What do we do with the fact that Jude quotes from 1 Enoch? Does this mean that 1 Enoch takes on the authority and standing of scripture? What are the implications of this for our understanding of the canon? Three points, then done:
- Just because Jude quotes from 1 Enoch doesn’t mean that 1 Enoch is viewed as authoritative or that it is credited as scripture. When you are making an argument you can make use of any source you desire to make your point. Paul quotes a poet of Crete when he writes to Titus (Tit 1:12): 12 Even one of their own prophets has said, “Cretans are always liars, evil brutes, lazy gluttons.” Does this mean that Paul views this Cretan poet as an author of scripture? Of course not. If I quote from Billy Joel in Sunday’s sermon does that mean I view the song Piano Man as being divine writ? By no means. If scripture cites scripture, there are many ways this is done including: “God says…,” “As the scripture says….,” etc. Jude says none of these.

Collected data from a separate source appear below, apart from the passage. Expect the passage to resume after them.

lemma abs_norm_minus_one_le_iff:
  fixes x :: "'e::real_inner" and \<delta> :: real
  assumes "0 \<le> \<delta>" "\<delta> < 1"
  shows "\<bar>norm x - 1\<bar> \<le> \<delta> \<longleftrightarrow> (1 - \<delta>)^2 \<le> x \<bullet> x \<and> x \<bullet> x \<le> (1 + \<delta>)^2"
proof -
  have "x \<bullet> x = norm x ^ 2" by (simp add: power2_norm_eq_inner)
  moreover have "(1 - \<delta>)^2 \<le> norm x ^ 2 \<longleftrightarrow> 1 - \<delta> \<le> norm x"
    using assms by simp
  moreover have "norm x ^ 2 \<le> (1 + \<delta>)^2 \<longleftrightarrow> norm x \<le> 1 + \<delta>"
    using assms by simp
  ultimately show ?thesis by (auto simp: abs_le_iff)
qed

theorem mainTheorem2:
  fixes A :: "('a::t2_space set \<times> ('a \<Rightarrow> 'd::euclidean_space) \<times> ('d \<Rightarrow> 'a)) set"
    and M :: "('a set \<times> ('a \<Rightarrow> 'd) \<times> ('d \<Rightarrow> 'a)) \<Rightarrow> 'd \<Rightarrow> 'd \<Rightarrow> 'd \<Rightarrow> real"
    and f :: "'a \<Rightarrow> real \<Rightarrow> 'e::euclidean_space"
    and T \<delta> :: real
  assumes "closed_riemannian A M"
    and "T > 0"
    and "ehmhf_solution A M T f"
    and "0 \<le> \<delta>" and "\<delta> < 1"
    and "\<forall>p. \<bar>norm (f p 0) - 1\<bar> \<le> \<delta>"
  shows "\<forall>p. \<forall>t\<in>{0..<T}. \<bar>norm (f p t) - 1\<bar> \<le> \<delta>"
proof -
  note bound_iff = abs_norm_minus_one_le_iff[OF assms(4,5)]
  have "\<forall>p. \<forall>t\<in>{0..<T}. 1 * (f p t \<bullet> f p t - (1 + \<delta>)^2) \<le> 0"
    using assms(4,6) by (intro sq_norm_bound_preserved[OF assms(1,3)]) (auto simp: bound_iff)
  moreover have "\<forall>p. \<forall>t\<in>{0..<T}. -1 * (f p t \<bullet> f p t - (1 - \<delta>)^2) \<le> 0"
    using assms(4,5,6) by (intro sq_norm_bound_preserved[OF assms(1,3)]) (auto simp: bound_iff power_le_one)
  ultimately show ?thesis by (auto simp: bound_iff)
qed

end
lemma add_subgroup_zero: "add_subgroup H \<Longrightarrow> 0 \<in> H"
  and add_subgroup_add: "add_subgroup H \<Longrightarrow> x \<in> H \<Longrightarrow> y \<in> H \<Longrightarrow> x + y \<in> H"
  and add_subgroup_uminus: "add_subgroup H \<Longrightarrow> x \<in> H \<Longrightarrow> - x \<in> H"
  unfolding add_subgroup_def by blast+

lemma add_subgroup_diff: "add_subgroup H \<Longrightarrow> x \<in> H \<Longrightarrow> y \<in> H \<Longrightarrow> x - y \<in> H"
  unfolding add_subgroup_def by (metis diff_conv_add_uminus)

lemma add_subgroup_Int: "add_subgroup A \<Longrightarrow> add_subgroup B \<Longrightarrow> add_subgroup (A \<inter> B)"
  unfolding add_subgroup_def by blast

lemma add_subgroup_sum_list: "add_subgroup H \<Longrightarrow> set xs \<subseteq> H \<Longrightarrow> sum_list xs \<in> H"
  by (induction xs) (auto simp: add_subgroup_zero add_subgroup_add)

lemma add_subgroup_int_mult:
  assumes "add_subgroup H" "x \<in> H"
  shows "of_int m * x \<in> H"
proof -
  have nat_mult: "of_nat n * x \<in> H" for n
    using assms by (induction n) (auto simp: add_subgroup_def distrib_right)
  show ?thesis
  proof (cases "m \<ge> 0")
    case True
    then show ?thesis using nat_mult[of "nat m"] by simp
  next
    case False
    then have "of_int m * x = - (of_nat (nat (- m)) * x)" by simp
    then show ?thesis using nat_mult[of "nat (- m)"] add_subgroup_uminus[OF assms(1)] by simp
  qed
qed

lemma int_span_cong: "(\<And>i. i < k \<Longrightarrow> e i = e' i) \<Longrightarrow> int_span e k = int_span e' k"
  unfolding int_span_def by (intro image_cong refl sum.cong) auto

lemma int_independent_cong:
  "(\<And>i. i < k \<Longrightarrow> e i = e' i) \<Longrightarrow> int_independent e k = int_independent e' k"
proof -
  assume "\<And>i. i < k \<Longrightarrow> e i = e' i"
  then have "(\<Sum>i<k. of_int (n i) * e i) = (\<Sum>i<k. of_int (n i) * e' i)" for n :: "nat \<Rightarrow> int"
    by (intro sum.cong) auto
  then show ?thesis unfolding int_independent_def by simp
qed

lemma int_span_0 [simp]: "int_span e 0 = {0}"
  unfolding int_span_def by auto

lemma int_combination_fun_upd:
  "(\<Sum>i<Suc k. of_int ((n(k := m)) i) * e i) = (\<Sum>i<k. of_int (n i) * e i) + of_int m * e k"
  by (simp add: sum.lessThan_Suc)

lemma int_span_Suc: "int_span e (Suc k) = {y + of_int m * e k | y m. y \<in> int_span e k}"
proof safe
  fix x assume "x \<in> int_span e (Suc k)"
  then obtain n where "x = (\<Sum>i<Suc k. of_int (n i) * e i)" unfolding int_span_def by blast
  then have "x = (\<Sum>i<k. of_int (n i) * e i) + of_int (n k) * e k" by simp
  then show "\<exists>y m. x = y + of_int m * e k \<and> y \<in> int_span e k" unfolding int_span_def by blast
next
  fix y m assume "y \<in> int_span e k"
  then obtain n where "y = (\<Sum>i<k. of_int (n i) * e i)" unfolding int_span_def by blast
  then have "y + of_int m * e k = (\<Sum>i<Suc k. of_int ((n(k := m)) i) * e i)"
    by (simp only: int_combination_fun_upd)
  then show "y + of_int m * e k \<in> int_span e (Suc k)"
    unfolding int_span_def by (rule range_eqI[where x = "n(k := m)"])
qed

lemma int_independent_Suc:
  "int_independent e (Suc k) \<longleftrightarrow>
     int_independent e k \<and> (\<forall>y\<in>int_span e k. \<forall>m. y + of_int m * e k = 0 \<longrightarrow> m = 0)"
proof safe
  assume indep: "int_independent e (Suc k)"
  show "int_independent e k" unfolding int_independent_def
  proof (intro allI impI)
    fix n :: "nat \<Rightarrow> int" and i assume sum0: "(\<Sum>i<k. of_int (n i) * e i) = 0" and "i < k"
    have "(\<Sum>i<Suc k. of_int ((n(k := 0)) i) * e i) = 0"
      using sum0 by (simp only: int_combination_fun_upd) simp
    then have "\<forall>i<Suc k. (n(k := 0)) i = 0" using indep unfolding int_independent_def by blast
    then have "(n(k := 0)) i = 0" using \<open>i < k\<close> less_SucI by blast
    then show "n i = 0" using \<open>i < k\<close> by simp
  qed
  fix y m assume "y \<in> int_span e k" "y + of_int m * e k = 0"
  then obtain n where "(\<Sum>i<Suc k. of_int ((n(k := m)) i) * e i) = 0"
    unfolding int_span_def int_combination_fun_upd by blast
  then have "(n(k := m)) k = 0" using indep unfolding int_independent_def by blast
  then show "m = 0" by simp
next
  assume indep: "int_independent e k"
    and last: "\<forall>y\<in>int_span e k. \<forall>m. y + of_int m * e k = 0 \<longrightarrow> m = 0"
  show "int_independent e (Suc k)" unfolding int_independent_def
  proof (intro allI impI)
    fix n :: "nat \<Rightarrow> int" and i assume sum0: "(\<Sum>i<Suc k. of_int (n i) * e i) = 0" "i < Suc k"
    then have "n k = 0" using last unfolding int_span_def by simp
    then have "\<forall>i<k. n i = 0" using sum0 indep unfolding int_independent_def by simp
    then show "n i = 0" using \<open>n k = 0\<close> \<open>i < Suc k\<close> less_Suc_eq by blast
  qed
qed

lemma add_subgroup_int_span: "add_subgroup (int_span e k)"
  unfolding add_subgroup_def int_span_def
proof (intro conjI ballI)
  show "0 \<in> range (\<lambda>n::nat \<Rightarrow> int. \<Sum>i<k. of_int (n i) * e i)"
    by (rule image_eqI[of _ _ "\<lambda>_. 0"]) auto
next
  fix x y assume "x \<in> range (\<lambda>n::nat \<Rightarrow> int. \<Sum>i<k. of_int (n i) * e i)"
    "y \<in> range (\<lambda>n::nat \<Rightarrow> int. \<Sum>i<k. of_int (n i) * e i)"
  then obtain n n' where "x = (\<Sum>i<k. of_int (n i) * e i)" "y = (\<Sum>i<k. of_int (n' i) * e i)"
    by blast
  then show "x + y \<in> range (\<lambda>n::nat \<Rightarrow> int. \<Sum>i<k. of_int (n i) * e i)"
    by (intro image_eqI[of _ _ "\<lambda>i. n i + n' i"]) (auto simp: sum.distrib distrib_right)
next
  fix x assume "x \<in> range (\<lambda>n::nat \<Rightarrow> int. \<Sum>i<k. of_int (n i) * e i)"
  then obtain n where "x = (\<Sum>i<k. of_int (n i) * e i)" by blast
  then show "- x \<in> range (\<lambda>n::nat \<Rightarrow> int. \<Sum>i<k. of_int (n i) * e i)"
    by (intro image_eqI[of _ _ "\<lambda>i. - n i"]) (auto simp: sum_negf)
qed

lemma int_span_mult: "int_span (\<lambda>i. c * e i) k = (\<lambda>x. c * x) ` int_span e k"
  unfolding int_span_def image_image by (simp add: sum_distrib_left mult.left_commute)

lemma int_independent_mult:
  "c \<noteq> 0 \<Longrightarrow> int_independent (\<lambda>i. c * e i) k \<longleftrightarrow> int_independent e k"
  unfolding int_independent_def by (simp add: sum_distrib_left[symmetric] mult.left_commute)

lemma int_diff_closed_generator:
  fixes D :: "int set"
  assumes diff: "\<And>a b. a \<in> D \<Longrightarrow> b \<in> D \<Longrightarrow> a - b \<in> D" and "a \<in> D" "a \<noteq> 0"
  shows "\<exists>p>0. p \<in> D \<and> (\<forall>m\<in>D. p dvd m)"
proof -
  have "0 \<in> D" using diff \<open>a \<in> D\<close> by fastforce
  then have "\<bar>a\<bar> \<in> D" using diff \<open>a \<in> D\<close> by (cases "a \<ge> 0") fastforce+
  obtain p where p: "0 < p" "p \<in> D" and p_least: "\<And>q. 0 < q \<Longrightarrow> q \<in> D \<Longrightarrow> p \<le> q"
  proof
    define n where "n = (LEAST n::nat. 0 < n \<and> int n \<in> D)"
    have "0 < nat \<bar>a\<bar> \<and> int (nat \<bar>a\<bar>) \<in> D" using \<open>\<bar>a\<bar> \<in> D\<close> \<open>a \<noteq> 0\<close> by simp
    then have "0 < n \<and> int n \<in> D" unfolding n_def by (rule LeastI)
    then show "0 < int n" "int n \<in> D" by auto
    show "int n \<le> q" if "0 < q" "q \<in> D" for q
      using Least_le[of "\<lambda>n. 0 < n \<and> int n \<in> D" "nat q"] that unfolding n_def by simp
  qed
  have nat_mult: "int n * p \<in> D" for n
  proof (induction n)
    case (Suc n)
    have "int (Suc n) * p = int n * p - (0 - p)" by (simp add: algebra_simps)
    then show ?case using diff Suc \<open>0 \<in> D\<close> p(2) by metis
  qed (simp add: \<open>0 \<in> D\<close>)
  have mult: "q * p \<in> D" for q
  proof (cases "q \<ge> 0")
    case True
    then show ?thesis using nat_mult[of "nat q"] by simp
  next
    case False
    then have "q * p = 0 - int (nat (- q)) * p" by simp
    then show ?thesis using diff nat_mult \<open>0 \<in> D\<close> by metis
  qed
  have "p dvd m" if "m \<in> D" for m
  proof -
    have "m mod p = m - (m div p) * p" by (simp add: minus_div_mult_eq_mod)
    then have "m mod p \<in> D" using diff mult that by metis
    moreover have "0 \<le> m mod p" "m mod p < p" using p(1) by simp_all
    ultimately have "m mod p = 0" using p_least by force
    then show ?thesis by (simp add: dvd_eq_mod_eq_0)
  qed
  then show ?thesis using p by blast
qed

lemma int_span_Suc_last_coordinate_generator:
  assumes "add_subgroup H" "H \<subseteq> int_span e (Suc k)" "\<not> H \<subseteq> int_span e k"
  obtains h p where "h \<in> H" "p \<noteq> 0" "h - of_int p * e k \<in> int_span e k"
    "\<And>x. x \<in> H \<Longrightarrow> \<exists>q. x - of_int q * h \<in> int_span e k"
proof -
  define D where "D = {m. \<exists>y\<in>int_span e k. y + of_int m * e k \<in> H}"
  have decomp: "\<exists>y\<in>int_span e k. \<exists>m\<in>D. x = y + of_int m * e k" if "x \<in> H" for x
    using that assms(2) unfolding int_span_Suc D_def by blast
  have diff_closed: "a - b \<in> D" if "a \<in> D" "b \<in> D" for a b
  proof -
    obtain y y' where y: "y \<in> int_span e k" "y' \<in> int_span e k"
      "y + of_int a * e k \<in> H" "y' + of_int b * e k \<in> H"
      using \<open>a \<in> D\<close> \<open>b \<in> D\<close> unfolding D_def by blast
    have "(y - y') + of_int (a - b) * e k = (y + of_int a * e k) - (y' + of_int b * e k)"
      by (simp add: algebra_simps)
    then have "(y - y') + of_int (a - b) * e k \<in> H"
      using add_subgroup_diff[OF assms(1) y(3,4)] by (simp only:)
    moreover have "y - y' \<in> int_span e k"
      using add_subgroup_diff[OF add_subgroup_int_span y(1,2)] .
    ultimately show ?thesis unfolding D_def by blast
  qed
  obtain a where "a \<in> D" "a \<noteq> 0" using assms(3) decomp by fastforce
  then obtain p where p: "0 < p" "p \<in> D" "\<And>m. m \<in> D \<Longrightarrow> p dvd m"
    using int_diff_closed_generator[OF diff_closed] by blast
  then obtain y0 where y0: "y0 \<in> int_span e k" "y0 + of_int p * e k \<in> H"
    unfolding D_def by blast
  show ?thesis
  proof
    show "y0 + of_int p * e k \<in> H" "p \<noteq> 0" "y0 + of_int p * e k - of_int p * e k \<in> int_span e k"
      using y0 p(1) by simp_all
    fix x assume "x \<in> H"
    then obtain y m where y: "y \<in> int_span e k" "m \<in> D" "x = y + of_int m * e k"
      using decomp by blast
    then obtain q where "m = q * p" using p(3) by (metis dvd_def mult.commute)
    then have "x - of_int q * (y0 + of_int p * e k) = y - of_int q * y0"
      unfolding y(3) by (simp add: algebra_simps)
    moreover have "y - of_int q * y0 \<in> int_span e k"
      using y(1) y0(1) add_subgroup_int_span add_subgroup_diff add_subgroup_int_mult by blast
    ultimately have "x - of_int q * (y0 + of_int p * e k) \<in> int_span e k" by simp
    then show "\<exists>q. x - of_int q * (y0 + of_int p * e k) \<in> int_span e k" by blast
  qed
qed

- Just because Jude quotes from 1 Enoch does not mean that Jude is endorsing everything that 1 Enoch has to say. This relates to the first point, but needs to be said as well. I don’t suppose I’ve ever read anything in which I wouldn’t have agreed with something, but it doesn’t follow that I must therefore agree with everything.
- Just because Jude quotes from 1 Enoch doesn’t mean that Jude believes that (the real) Enoch is the actual author of this text. In fact, despite the reference to “Enoch the seventh from Adam,” I am quite certain that Jude did, in fact, recognize this work as being pseudepigraphal. His reference is simply to the book as it was known and read. It serves as a touchpoint between him and his audience as a book that was commonly read and known.
To sum up: 1 Enoch is an extremely odd book. It is also an important one for an insight into the interpretation of a difficult text (Gen 6) around the time of Christ. Above all, it is fascinating book from the perspective of considering the place of the Pseudepigrapha alongside the canon of scripture.